_WHAT IS NEEDED_. Write out, from the entries below, exactly the lines that run between the lines holding "assms(1) by simp" and "(1 + \<delta>) *", inclusive, and stop there.

_DATA TO USE_.
-*-

theorem corollary3p10:
  fixes Q :: "'q set" and A :: "'a set" and E :: "('q \<times> 'a \<times> 'q) set"
    and I T :: "'q set" and w w' :: "('q \<times> 'q) set"
    and lbl lbl' :: "'q \<Rightarrow> 'q \<Rightarrow> 'a list" and ps ps' :: "('q \<times> 'q) list"
  assumes "finite_automaton Q A E I T"
    and "linear_order_on Q w" and "linear_order_on Q w'"
    and "letter_list_ok E lbl" and "letter_list_ok E lbl'"
    and "pair_list_ok I T ps" and "pair_list_ok I T ps'"
  shows "NSP_eq (MY_expr Q w lbl ps) (MY_expr Q w' lbl' ps')"
proof -
  have "finite Q"
    using assms(1) by (simp add: finite_automaton_def)
  then have "mset (map (ord_nth Q w) [0..<card Q]) = mset (map (ord_nth Q w') [0..<card Q])"
    using mset_ord_nth_enum assms(2,3) by metis
  moreover have "(\<lambda>p q. abs_req (Emat lbl p q)) = (\<lambda>p q. abs_req (Emat lbl' p q))"
    using abs_req_Emat[OF assms(4,5)] by blast
  ultimately have "abs_req (MY_step Q w lbl (card Q) p q) = abs_req (MY_step Q w' lbl' (card Q) p q)"
    for p q
    unfolding abs_req_MY_step by (metis req.fold_eliminate_perm)
  then have entry: "abs_req (MY_entry Q w lbl p q) = abs_req (MY_entry Q w' lbl' p q)" for p q
    by (simp add: MY_entry_def)
  have "abs_req (MY_expr Q w lbl ps) = abs_req (MY_expr Q w lbl ps')"
    using assms(6,7) unfolding pair_list_ok_def MY_expr_def
    by (metis abs_req_sum_rexp_distinct)
  also have "\<dots> = abs_req (MY_expr Q w' lbl' ps')"
    by (simp add: MY_expr_def abs_req_sum_rexp comp_def case_prod_beta entry)
  finally show ?thesis
    by (simp add: req.abs_eq_iff)
qed

end
(* At the same rate the integrand of g_low is 1 - k (1 + t/c)^2, since
   1 + (t + a)/sqrt(2 ln M) = (1 + delta_a)(1 + t/c). *)
lemma g_low_integrand_rate_R:
  fixes M :: nat and snr a C' r x t :: real
  assumes "M \<ge> 2" and "a \<ge> 0" and "C' > 0"
  defines "c \<equiv> sqrt (2 * ln (real M)) + a"
    and "k \<equiv> u_x snr x / (1 + r / ln (real M))"
  shows "rate_R M a C' r / C' * u_x snr x * (1 + (t + a) / sqrt (2 * ln (real M)))\<^sup>2
           = k * (1 + t / c)\<^sup>2"
proof -
  define s where "s = sqrt (2 * ln (real M))"
  define \<delta> where "\<delta> = delta_a M a"
  have s: "s > 0" unfolding s_def using assms(1) by simp
  have \<delta>: "1 + \<delta> > 0"
    using s assms(2) unfolding \<delta>_def delta_a_def s_def[symmetric] by (simp add: add_pos_nonneg)
  have c: "c = s * (1 + \<delta>)"
    using s unfolding c_def \<delta>_def delta_a_def s_def[symmetric] by (simp add: field_simps)
  have a: "a = s * \<delta>" using s unfolding \<delta>_def delta_a_def s_def[symmetric] by simp
  have "1 + (t + a) / s = (1 + \<delta>) * (1 + t / c)"
    using s \<delta> mult_pos_pos[OF s \<delta>] unfolding c a by (simp add: field_simps)
  moreover have "rate_R M a C' r / C' * u_x snr x = k / (1 + \<delta>)\<^sup>2"
    using assms(3) unfolding rate_R_def k_def \<delta>_def by (simp add: mult.commute)
  ultimately show ?thesis
    unfolding s_def[symmetric] using \<delta> by (simp add: power_mult_distrib)
qed

lemma g_low_rate_R:
  fixes M :: nat and snr a C' r x :: real
  assumes "M \<ge> 2" and "a \<ge> 0" and "C' > 0"
    and "1 + r / ln (real M) > 0" and "u_x snr x > 0"
  defines "c \<equiv> sqrt (2 * ln (real M)) + a"
    and "k \<equiv> u_x snr x / (1 + r / ln (real M))"
  defines "z \<equiv> c * (sqrt ((1 - nu snr) / k) - 1)"
  shows "g_low M snr a C' (rate_R M a C' r) x
           = Phi z + (1 / nu snr) * (normal_tail z - k * square_tail c z)"
proof -
  have "z_x M snr a C' (rate_R M a C' r) x = z"
    unfolding z_def c_def k_def by (rule z_x_rate_R[OF assms(1-5)])
  moreover have "\<And>t. rate_R M a C' r / C' * u_x snr x * (1 + (t + a) / sqrt (2 * ln (real M)))\<^sup>2
                     = k * (1 + t / c)\<^sup>2"
    unfolding c_def k_def by (rule g_low_integrand_rate_R[OF assms(1-3)])
  ultimately show ?thesis unfolding g_low_def by (simp only: tail_integral_split)
qed
lemma pinterp_add: "(\<Sum>j\<le>i. pinterp j a \<beta> * pinterp (i - j) b (\<beta> - lowering * a + grid j)) = pinterp i (a + b) \<beta>"
proof -
  define F where "F = (\<lambda>a b. \<Sum>j\<le>i. pinterp j a \<beta> * pinterp (i - j) b (\<beta> - lowering * a + grid j))"
  define G where "G = (\<lambda>a b. pinterp i (a + b) \<beta>)"
  have "F a b = G a b"
  proof (rule bipoly_eq[of F G])
    show "bipoly F" unfolding F_def
      by (intro bipoly_sum bipoly_mult bipoly_pinterp bipoly_add bipoly_diff bipoly_const bipoly_fst bipoly_snd) auto
    show "bipoly G" unfolding G_def
      by (intro bipoly_pinterp bipoly_add bipoly_const bipoly_fst bipoly_snd)
    fix n k :: nat
    show "F (of_nat n) (of_nat k) = G (of_nat n) (of_nat k)"
      unfolding F_def G_def
      using piter_add[where i=i and a=n and \<beta>=\<beta> and b=k] pinterp_nat[of i "n + k" \<beta>] by (simp add: pinterp_nat)
  qed
  then show ?thesis by (simp add: F_def G_def)
qed

lemma pinterp_shift_z: "pinterp i a (\<beta> + 1) = pinterp i a \<beta> + a / C * (if m \<le> i then pinterp (i - m) (a - 1) \<beta> else 0)"
proof -
  define F where "F = (\<lambda>a (b::'k). pinterp i a (\<beta> + 1))"
  define G where "G = (\<lambda>a (b::'k). pinterp i a \<beta> + a / C * (if m \<le> i then pinterp (i - m) (a - 1) \<beta> else 0))"
  have "F a 0 = G a 0"
  proof (rule bipoly_eq[of F G])
    show "bipoly F" unfolding F_def
      by (intro bipoly_pinterp bipoly_add bipoly_const bipoly_fst bipoly_snd)
    show "bipoly G" unfolding G_def
      by (intro bipoly_pinterp bipoly_add bipoly_mult bipoly_divide bipoly_if bipoly_diff bipoly_const bipoly_fst bipoly_snd)
    fix n k :: nat
    show "F (of_nat n) (of_nat k) = G (of_nat n) (of_nat k)"
      unfolding F_def G_def
    proof (cases n)
      case 0 then show "pinterp i (of_nat n) (\<beta> + 1) = pinterp i (of_nat n) \<beta> + of_nat n / C * (if m \<le> i then pinterp (i - m) (of_nat n - 1) \<beta> else 0)"
        by (simp add: pinterp_0)
    next
      case (Suc n')
      have e: "(of_nat n :: 'k) - 1 = of_nat n'" using Suc by simp
      show "pinterp i (of_nat n) (\<beta> + 1) = pinterp i (of_nat n) \<beta> + of_nat n / C * (if m \<le> i then pinterp (i - m) (of_nat n - 1) \<beta> else 0)"
        unfolding e pinterp_nat piter_shift_z[of i n \<beta>] by (simp only: Suc diff_Suc_1)
    qed
  qed
  then show ?thesis by (simp add: F_def G_def)
qed


section \<open>The operators P^\<alpha>\<close>

lemma Ppow_kernel_op: "Ppow r m C f \<alpha> c = kernel_op (lowering * \<alpha>) (\<lambda>i \<beta>. pinterp i \<alpha> \<beta>) c"
  unfolding Ppow_def kernel_op_def lowering_def grid_def pcoef_pinterp ..

lemma Ppow_ser:
  "Ppow r m C f \<alpha> (ser g w) = ser (g - lowering * \<alpha>) (conv w (\<lambda>i \<beta>. pinterp i \<alpha> \<beta>) g)"
  by (simp only: Ppow_kernel_op kernel_op_ser)

lemma Ppow_add_ser: "Ppow r m C f b (Ppow r m C f a (ser g w)) = Ppow r m C f (a + b) (ser g w)"
proof -
  have "g - lowering * a - lowering * b = g - lowering * (a + b)" by (simp add: algebra_simps)
  then show ?thesis by (simp only: Ppow_ser conv_conv pinterp_add)
qed
(* Let $w$ be a graphon. Then: (1) The function $x\mapsto\delta_x(w)$ on $[0,1]$ is measurable. (2) $\big|\{x\in[0,1]: d_w(x)\ge\delta(w)\}\big|\ge|K_{\delta(w)}(w)|\ge\delta(w)$. (3) $\inf_{x\in[0,1]}d_w(x)\le\delta(w)\le\sup_{x\in[0,1]}d_w(x)$.
   Context: A graphon is a Lebesgue-measurable symmetric function $w:[0,1]^2\to[0,1]$. For a measurable $K\subseteq[0,1]$ and $x\in[0,1]$ let $d_w^K(x)=\int_K w(x,y)\,\mathrm{d}y$ and $d_w(x)=d_w^{[0,1]}(x)$ (the degree of $x$). For $\kappa\in[0,1]$ define recursively $K^{1}_{\kappa}(w)=\{x: d_w(x)\ge\kappa\}$ and $K^{n+1}_{\kappa}(w)=\{x\in K^{n}_{\kappa}(w): d_w^{K^{n}_{\kappa}(w)}(x)\ge\kappa\}$, and let the $\kappa$-core be $K_{\kappa}(w)=\bigcap_{n\ge1}K^{n}_{\kappa}(w)$. The shell index of $x\in[0,1]$ is $\delta_x(w)=\sup\{\kappa\in[0,1]: x\in K_\kappa(w)\}$, and the degeneracy is $\delta(w)=\sup\{\kappa\in[0,1]: |K_\kappa(w)|>0\}$, where $|\cdot|$ is Lebesgue measure. *)

theory Defs
  imports "HOL-Analysis.Analysis"
begin

text \<open>A graphon: Lebesgue-measurable symmetric function on the unit square with values in [0,1].
  We model it as a curried real function; only its values on the unit square matter.\<close>
definition graphon :: "(real \<Rightarrow> real \<Rightarrow> real) \<Rightarrow> bool" where
  "graphon w \<longleftrightarrow>
     (\<lambda>(x,y). w x y) \<in> borel_measurable (lebesgue_on ({0..1} \<times> {0..1})) \<and>
     (\<forall>x\<in>{0..1}. \<forall>y\<in>{0..1}. w x y = w y x \<and> 0 \<le> w x y \<and> w x y \<le> 1)"

definition deg_on :: "(real \<Rightarrow> real \<Rightarrow> real) \<Rightarrow> real set \<Rightarrow> real \<Rightarrow> real" where
  "deg_on w K x = (LINT y:K|lebesgue. w x y)"

definition deg :: "(real \<Rightarrow> real \<Rightarrow> real) \<Rightarrow> real \<Rightarrow> real" where
  "deg w x = deg_on w {0..1} x"

text \<open>core_iter w k n is K^n_k(w); index 0 is the whole interval [0,1], so that
  core_iter w k 1 = {x in [0,1]. d_w(x) >= k}.\<close>
fun core_iter :: "(real \<Rightarrow> real \<Rightarrow> real) \<Rightarrow> real \<Rightarrow> nat \<Rightarrow> real set" where
  "core_iter w k 0 = {0..1}"
| "core_iter w k (Suc n) = {x \<in> core_iter w k n. deg_on w (core_iter w k n) x \<ge> k}"
(* Consider the panel change point model \[ Y_{i,t}=\mu_i+\delta_i\,\mathbb{I}\{t>\tau\}+\sigma\varepsilon_{i,t},\qquad 1\le i\le N,\ 1\le t\le T, \] with $T\ge 4$ fixed (not depending on $N$), under the null hypothesis $H_0:\tau=T$ (no change), and suppose the error assumption stated in the context holds. Define \[ \mathcal{C}_N(T)=\frac{1}{\sqrt{N}}\max_{t=1,\ldots,T-1}\Big|\sum_{i=1}^N\sum_{s=1}^t\big(Y_{i,s}-\bar Y_{i,T}\big)\Big|, \] \[ \mathcal{R}_N(T)=\max_{t=2,\ldots,T-2}\frac{\max_{s=1,\ldots,t}\Big|\sum_{i=1}^N\sum_{r=1}^s\big(Y_{i,r}-\bar Y_{i,t}\big)\Big|}{\max_{s=t,\ldots,T-1}\Big|\sum_{i=1}^N\sum_{r=s+1}^T\big(Y_{i,r}-\tilde Y_{i,t}\big)\Big|}, \] where $\bar Y_{i,t}=\frac1t\sum_{s=1}^tY_{i,s}$ and $\tilde Y_{i,t}=\frac{1}{T-t}\sum_{s=t+1}^TY_{i,s}$. Then, as $N\to\infty$, \[ \mathcal{C}_N(T)\xrightarrow{\ \mathscr{D}\ }\sigma\max_{t=1,\ldots,T-1}\Big|X_t-\frac tT X_T\Big| \] and \[ \mathcal{R}_N(T)\xrightarrow{\ \mathscr{D}\ }\max_{t=2,\ldots,T-2}\frac{\max_{s=1,\ldots,t}\big|X_s-\frac st X_t\big|}{\max_{s=t,\ldots,T-1}\big|Z_s-\frac{T-s}{T-t}Z_t\big|}, \] where $Z_t:=X_T-X_t$ and $[X_1,\ldots,X_T]^\top$ is a multivariate normal random vector with zero mean and covariance matrix $\Lambda=\{\lambda_{t,v}\}_{t,v=1}^T$ given by $\lambda_{t,t}=r(t)$ and $\lambda_{t,v}=\lambda_{v,t}=r(t)+R(t,v)$ for $t<v$.
   Context: In the model, $\sigma>0$ is an unknown scale parameter, $\mu_i\in\mathbb{R}$ are panel-specific means, $\delta_i\in\mathbb{R}$ are panel-specific change sizes, and $\tau\in\{1,\ldots,T\}$ is the common change point ($\tau=T$ means no change). Error assumption: the random vectors $[\varepsilon_{i,1},\ldots,\varepsilon_{i,T}]^\top$, $i=1,\ldots,N$, defined on a probability space $(\Omega,\mathcal F,\mathsf P)$, are i.i.d. across $i$, with $\mathsf E\varepsilon_{i,t}=0$, $\mathsf{Var}\,\varepsilon_{i,t}=1$, and autocorrelation $\rho_t=\mathsf{Cov}(\varepsilon_{i,s},\varepsilon_{i,s+t})$ not depending on $s\in\{1,\ldots,T-t\}$ (with $\rho_{-t}=\rho_t$, $\rho_0=1$). The cumulative autocorrelation function is $r(t)=\mathsf{Var}\sum_{s=1}^t\varepsilon_{i,s}=\sum_{|s|<t}(t-|s|)\rho_s$, and the shifted cumulative correlation function is $R(t,v)=\mathsf{Cov}\big(\sum_{s=1}^t\varepsilon_{i,s},\sum_{u=t+1}^v\varepsilon_{i,u}\big)=\sum_{s=1}^t\sum_{u=t+1}^v\rho_{u-s}$ for $t<v$. *)

theory Defs
  imports "HOL-Probability.Probability"
begin

definition cumr :: "(nat \<Rightarrow> real) \<Rightarrow> nat \<Rightarrow> real" where
  "cumr rho t = (\<Sum>s\<in>{-(int t)+1..int t - 1}. (real t - real_of_int \<bar>s\<bar>) * rho (nat \<bar>s\<bar>))"

definition shiftR :: "(nat \<Rightarrow> real) \<Rightarrow> nat \<Rightarrow> nat \<Rightarrow> real" where
  "shiftR rho t v = (\<Sum>s\<in>{1..t}. \<Sum>u\<in>{t+1..v}. rho (u - s))"
(* Let $h=(v_0,v_1,\dots,v_{n+1})$ be a Hamiltonian cycle over $N$ for an FSTSP instance $(n,N,t_R,t_D)$, and let $0\le i<j<k\le n+1$ be such that the drone is fast in operation $o_{i,j,k}$ (with respect to $h$). Then there exists an optimal solution of the h-FSTSP for $h$ that contains no operation of the form $o_{i',j,k'}$ with $0\le i'\le i$, $k\le k'\le n+1$ and $(i',k')\neq(i,k)$. That is, all such operations can be ignored by an algorithm for the h-FSTSP without losing optimality.
   Context: An FSTSP instance consists of an integer $n>0$, the set of customers $C=\{1,\dots,n\}$, the node set $N=\{0,1,\dots,n+1\}$ where $0$ and $n+1$ both denote the depot, and nonnegative truck travel times $t_R(u,v)$ and drone travel times $t_D(u,v)$ for all pairs of nodes $u,v$. An operation is a pair $o=(r,d)$: $r=(v^r_1,\dots,v^r_{|r|})$, $|r|\ge 2$, is the truck path with time $t(r)=\sum_{\ell=1}^{|r|-1} t_R(v^r_\ell,v^r_{\ell+1})$; $d$ is either empty or $d=(v^r_1,v^d,v^r_{|r|})$ with $v^d\in C$ a drone node not on $r$, with time $t(d)=t_D(v^r_1,v^d)+t_D(v^d,v^r_{|r|})$. The time of the operation is $t(o)=\max\{t(r),t(d)\}$ if $d$ is nonempty and $t(o)=t(r)$ otherwise. A solution is a sequence $S=(o_1,\dots,o_m)$ of operations $o_\ell=(r_\ell,d_\ell)$ such that the first node of $r_1$ is the depot $0$, the last node of $r_m$ is the depot $n+1$, the depot appears in no other position, for each $\ell<m$ the last node of $r_\ell$ equals the first node of $r_{\ell+1}$, and every customer is served exactly once (as a truck node, shared endpoints of consecutive truck paths counting once, or as a drone node). Its time is $t(S)=\sum_\ell t(o_\ell)$. A Hamiltonian cycle over $N$ is a sequence $h=(v_0,\dots,v_{n+1})$ with $v_0=0$, $v_{n+1}=n+1$ and $(v_1,\dots,v_n)$ a permutation of $C$. A solution respects $h$ if the truck nodes, in order of visit, appear in the same relative order as in $h$ and every drone node lies strictly between its operation's launch and rendezvous nodes in $h$; the h-FSTSP asks for a minimum-time solution among those respecting $h$. For indices $i<j<k$, $o_{i,j,k}=(r,d)$ denotes the operation with truck path $r=(v_i,\dots,v_{j-1},v_{j+1},\dots,v_k)$ and drone path $d=(v_i,v_j,v_k)$. The drone is fast in $o_{i,j,k}$ if $t(d)\le t(r)$. *)

theory Defs
  imports Complex_Main
begin

text \<open>Nodes are natural numbers: 0 and n+1 are the two copies of the depot,
  customers are 1..n.  An operation is a pair (r, d) where r is the truck path
  (list of nodes) and d = Some w encodes the drone path (hd r, w, last r),
  d = None the empty drone path.  A Hamiltonian cycle h = (v_0,...,v_{n+1})
  is represented by the function v (index to node).\<close>

type_synonym operation = "nat list \<times> nat option"

fun path_time :: "(nat \<Rightarrow> nat \<Rightarrow> real) \<Rightarrow> nat list \<Rightarrow> real" where
  "path_time tR (x # y # xs) = tR x y + path_time tR (y # xs)"
| "path_time tR _ = 0"

definition drone_time :: "(nat \<Rightarrow> nat \<Rightarrow> real) \<Rightarrow> operation \<Rightarrow> nat \<Rightarrow> real" where
  "drone_time tD op w = tD (hd (fst op)) w + tD w (last (fst op))"

definition op_time :: "(nat \<Rightarrow> nat \<Rightarrow> real) \<Rightarrow> (nat \<Rightarrow> nat \<Rightarrow> real) \<Rightarrow> operation \<Rightarrow> real" where
  "op_time tR tD op = (case snd op of
      None \<Rightarrow> path_time tR (fst op)
    | Some w \<Rightarrow> max (path_time tR (fst op)) (drone_time tD op w))"

definition sol_time :: "(nat \<Rightarrow> nat \<Rightarrow> real) \<Rightarrow> (nat \<Rightarrow> nat \<Rightarrow> real) \<Rightarrow> operation list \<Rightarrow> real" where
  "sol_time tR tD S = sum_list (map (op_time tR tD) S)"

text \<open>Truck nodes in order of visit (shared endpoints counted once).\<close>
definition truck_seq :: "operation list \<Rightarrow> nat list" where
  "truck_seq S = (case S of [] \<Rightarrow> [] | op # os \<Rightarrow> fst op @ concat (map (tl \<circ> fst) os))"

definition drone_nodes :: "operation list \<Rightarrow> nat list" where
  "drone_nodes S = concat (map (\<lambda>op. case snd op of None \<Rightarrow> [] | Some w \<Rightarrow> [w]) S)"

-*-

_OUTPUT_.
  have s: "s > 0" unfolding s_def using assms(1) by simp
  have \<delta>: "1 + \<delta> > 0"
    using s assms(2) unfolding \<delta>_def delta_a_def s_def[symmetric] by (simp add: add_pos_nonneg)
  have c: "c = s * (1 + \<delta>)"
    using s unfolding c_def \<delta>_def delta_a_def s_def[symmetric] by (simp add: field_simps)
  have a: "a = s * \<delta>" using s unfolding \<delta>_def delta_a_def s_def[symmetric] by simp
  have "1 + (t + a) / s = (1 + \<delta>) * (1 + t / c)"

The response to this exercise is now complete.